◆ Work required:
Everything from the line containing "imports Defs" through the line containing "using assms(2) by (auto" should be repeated exactly, and nothing else from the data.
↓
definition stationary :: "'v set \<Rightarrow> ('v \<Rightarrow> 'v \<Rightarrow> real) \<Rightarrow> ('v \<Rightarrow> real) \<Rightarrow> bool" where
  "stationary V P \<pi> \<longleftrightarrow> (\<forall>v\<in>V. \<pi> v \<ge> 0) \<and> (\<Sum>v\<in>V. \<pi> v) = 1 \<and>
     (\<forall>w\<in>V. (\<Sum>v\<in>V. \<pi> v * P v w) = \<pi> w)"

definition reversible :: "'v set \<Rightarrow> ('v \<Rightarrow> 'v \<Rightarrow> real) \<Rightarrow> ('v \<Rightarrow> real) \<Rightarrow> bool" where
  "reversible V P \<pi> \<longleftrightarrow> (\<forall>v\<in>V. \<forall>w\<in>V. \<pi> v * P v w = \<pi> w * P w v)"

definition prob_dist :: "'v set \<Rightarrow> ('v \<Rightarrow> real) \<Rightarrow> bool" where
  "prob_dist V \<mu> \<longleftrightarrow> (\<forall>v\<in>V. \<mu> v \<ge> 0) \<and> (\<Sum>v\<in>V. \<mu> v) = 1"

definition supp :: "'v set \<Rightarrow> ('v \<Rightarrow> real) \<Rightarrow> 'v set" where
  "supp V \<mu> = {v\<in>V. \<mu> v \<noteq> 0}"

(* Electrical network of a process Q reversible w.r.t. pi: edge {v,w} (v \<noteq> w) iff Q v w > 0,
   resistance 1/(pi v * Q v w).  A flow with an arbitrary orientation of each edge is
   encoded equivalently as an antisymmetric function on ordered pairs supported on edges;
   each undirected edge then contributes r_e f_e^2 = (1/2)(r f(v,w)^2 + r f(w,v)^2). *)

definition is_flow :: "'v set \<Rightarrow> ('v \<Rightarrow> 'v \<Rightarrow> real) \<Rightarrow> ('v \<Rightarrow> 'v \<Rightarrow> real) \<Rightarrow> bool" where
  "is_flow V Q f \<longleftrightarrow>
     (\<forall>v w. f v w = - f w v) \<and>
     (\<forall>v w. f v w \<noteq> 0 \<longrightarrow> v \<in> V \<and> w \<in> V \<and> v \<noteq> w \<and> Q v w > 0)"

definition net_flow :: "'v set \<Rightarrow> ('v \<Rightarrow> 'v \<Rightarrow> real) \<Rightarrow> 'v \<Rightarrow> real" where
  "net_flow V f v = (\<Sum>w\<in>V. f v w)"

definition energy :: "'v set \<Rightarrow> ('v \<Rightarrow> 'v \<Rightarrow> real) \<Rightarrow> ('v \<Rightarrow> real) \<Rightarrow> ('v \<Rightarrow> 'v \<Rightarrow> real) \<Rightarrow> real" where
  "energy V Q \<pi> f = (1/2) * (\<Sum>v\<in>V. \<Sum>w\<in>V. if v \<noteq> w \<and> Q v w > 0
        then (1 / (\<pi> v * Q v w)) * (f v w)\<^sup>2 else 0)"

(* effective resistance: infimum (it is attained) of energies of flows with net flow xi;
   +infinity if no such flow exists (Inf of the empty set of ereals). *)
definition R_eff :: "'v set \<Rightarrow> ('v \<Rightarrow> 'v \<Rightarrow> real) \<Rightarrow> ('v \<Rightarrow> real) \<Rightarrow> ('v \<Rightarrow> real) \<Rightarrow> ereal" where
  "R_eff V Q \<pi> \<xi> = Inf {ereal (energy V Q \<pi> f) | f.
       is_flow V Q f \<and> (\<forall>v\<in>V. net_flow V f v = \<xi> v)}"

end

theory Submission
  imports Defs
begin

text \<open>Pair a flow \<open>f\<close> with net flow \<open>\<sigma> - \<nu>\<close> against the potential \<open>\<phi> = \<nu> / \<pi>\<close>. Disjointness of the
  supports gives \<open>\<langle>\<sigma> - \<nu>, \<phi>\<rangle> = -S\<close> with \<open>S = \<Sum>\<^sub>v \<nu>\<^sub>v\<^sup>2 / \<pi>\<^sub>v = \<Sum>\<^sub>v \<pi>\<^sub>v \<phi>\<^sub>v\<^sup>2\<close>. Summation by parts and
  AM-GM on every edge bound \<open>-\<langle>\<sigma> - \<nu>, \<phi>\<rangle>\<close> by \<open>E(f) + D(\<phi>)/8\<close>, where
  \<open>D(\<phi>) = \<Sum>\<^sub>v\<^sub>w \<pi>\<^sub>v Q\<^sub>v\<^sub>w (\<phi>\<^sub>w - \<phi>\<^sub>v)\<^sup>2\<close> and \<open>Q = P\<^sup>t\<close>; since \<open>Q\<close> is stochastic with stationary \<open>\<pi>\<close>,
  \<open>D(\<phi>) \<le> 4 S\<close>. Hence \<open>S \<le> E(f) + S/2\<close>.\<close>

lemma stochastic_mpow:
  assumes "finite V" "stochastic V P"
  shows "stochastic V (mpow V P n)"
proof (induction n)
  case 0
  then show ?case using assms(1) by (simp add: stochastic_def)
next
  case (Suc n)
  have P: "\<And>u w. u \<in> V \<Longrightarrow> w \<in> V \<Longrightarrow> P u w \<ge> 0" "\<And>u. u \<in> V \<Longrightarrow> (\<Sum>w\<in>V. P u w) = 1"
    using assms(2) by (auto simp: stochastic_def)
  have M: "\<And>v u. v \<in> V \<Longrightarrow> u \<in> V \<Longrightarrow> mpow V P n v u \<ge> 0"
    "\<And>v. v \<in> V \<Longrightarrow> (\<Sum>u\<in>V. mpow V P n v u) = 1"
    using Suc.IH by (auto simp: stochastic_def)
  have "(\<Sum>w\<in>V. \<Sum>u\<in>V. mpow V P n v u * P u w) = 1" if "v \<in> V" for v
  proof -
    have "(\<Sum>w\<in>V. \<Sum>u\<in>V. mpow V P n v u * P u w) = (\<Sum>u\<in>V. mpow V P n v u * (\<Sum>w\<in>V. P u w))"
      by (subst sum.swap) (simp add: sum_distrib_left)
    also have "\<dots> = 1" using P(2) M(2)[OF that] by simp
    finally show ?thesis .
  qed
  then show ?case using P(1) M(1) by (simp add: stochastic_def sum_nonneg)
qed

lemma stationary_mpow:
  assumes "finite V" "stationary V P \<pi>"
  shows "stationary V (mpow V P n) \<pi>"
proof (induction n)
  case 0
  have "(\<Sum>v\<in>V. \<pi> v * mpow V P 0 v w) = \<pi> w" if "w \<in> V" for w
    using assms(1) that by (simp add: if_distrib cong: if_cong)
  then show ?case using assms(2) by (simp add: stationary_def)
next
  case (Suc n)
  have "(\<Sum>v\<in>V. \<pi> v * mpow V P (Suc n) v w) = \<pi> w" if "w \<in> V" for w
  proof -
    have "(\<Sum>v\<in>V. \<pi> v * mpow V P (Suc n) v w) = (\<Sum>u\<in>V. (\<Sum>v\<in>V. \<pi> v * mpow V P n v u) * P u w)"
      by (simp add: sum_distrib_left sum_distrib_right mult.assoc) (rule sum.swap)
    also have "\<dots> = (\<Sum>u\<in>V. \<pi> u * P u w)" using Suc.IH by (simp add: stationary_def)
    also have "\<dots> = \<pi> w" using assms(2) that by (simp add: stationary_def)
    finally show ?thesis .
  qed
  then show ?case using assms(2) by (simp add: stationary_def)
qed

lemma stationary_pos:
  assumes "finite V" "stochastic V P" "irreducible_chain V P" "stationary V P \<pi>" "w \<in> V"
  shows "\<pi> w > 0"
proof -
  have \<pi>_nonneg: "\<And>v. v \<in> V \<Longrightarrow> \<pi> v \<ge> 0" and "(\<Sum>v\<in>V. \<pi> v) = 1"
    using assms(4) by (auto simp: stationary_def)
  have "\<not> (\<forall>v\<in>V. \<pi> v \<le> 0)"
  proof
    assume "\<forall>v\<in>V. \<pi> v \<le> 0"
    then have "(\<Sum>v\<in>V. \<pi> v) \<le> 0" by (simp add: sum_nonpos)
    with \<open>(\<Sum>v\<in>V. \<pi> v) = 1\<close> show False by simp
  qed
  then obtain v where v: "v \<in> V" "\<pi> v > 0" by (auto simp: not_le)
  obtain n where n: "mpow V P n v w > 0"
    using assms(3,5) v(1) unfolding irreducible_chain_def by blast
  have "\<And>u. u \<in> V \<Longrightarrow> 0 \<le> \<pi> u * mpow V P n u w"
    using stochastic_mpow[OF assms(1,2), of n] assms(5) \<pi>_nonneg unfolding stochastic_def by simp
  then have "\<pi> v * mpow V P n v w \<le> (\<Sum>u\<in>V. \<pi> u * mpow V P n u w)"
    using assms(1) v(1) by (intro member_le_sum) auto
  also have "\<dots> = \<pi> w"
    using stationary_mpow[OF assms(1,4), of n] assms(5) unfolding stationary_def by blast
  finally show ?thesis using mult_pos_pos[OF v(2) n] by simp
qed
↑
◆ Task answer:
  imports Defs
begin

text \<open>Pair a flow \<open>f\<close> with net flow \<open>\<sigma> - \<nu>\<close> against the potential \<open>\<phi> = \<nu> / \<pi>\<close>. Disjointness of the
  supports gives \<open>\<langle>\<sigma> - \<nu>, \<phi>\<rangle> = -S\<close> with \<open>S = \<Sum>\<^sub>v \<nu>\<^sub>v\<^sup>2 / \<pi>\<^sub>v = \<Sum>\<^sub>v \<pi>\<^sub>v \<phi>\<^sub>v\<^sup>2\<close>. Summation by parts and
  AM-GM on every edge bound \<open>-\<langle>\<sigma> - \<nu>, \<phi>\<rangle>\<close> by \<open>E(f) + D(\<phi>)/8\<close>, where
  \<open>D(\<phi>) = \<Sum>\<^sub>v\<^sub>w \<pi>\<^sub>v Q\<^sub>v\<^sub>w (\<phi>\<^sub>w - \<phi>\<^sub>v)\<^sup>2\<close> and \<open>Q = P\<^sup>t\<close>; since \<open>Q\<close> is stochastic with stationary \<open>\<pi>\<close>,
  \<open>D(\<phi>) \<le> 4 S\<close>. Hence \<open>S \<le> E(f) + S/2\<close>.\<close>

lemma stochastic_mpow:
  assumes "finite V" "stochastic V P"
  shows "stochastic V (mpow V P n)"
proof (induction n)
  case 0
  then show ?case using assms(1) by (simp add: stochastic_def)
next
  case (Suc n)
  have P: "\<And>u w. u \<in> V \<Longrightarrow> w \<in> V \<Longrightarrow> P u w \<ge> 0" "\<And>u. u \<in> V \<Longrightarrow> (\<Sum>w\<in>V. P u w) = 1"
    using assms(2) by (auto simp: stochastic_def)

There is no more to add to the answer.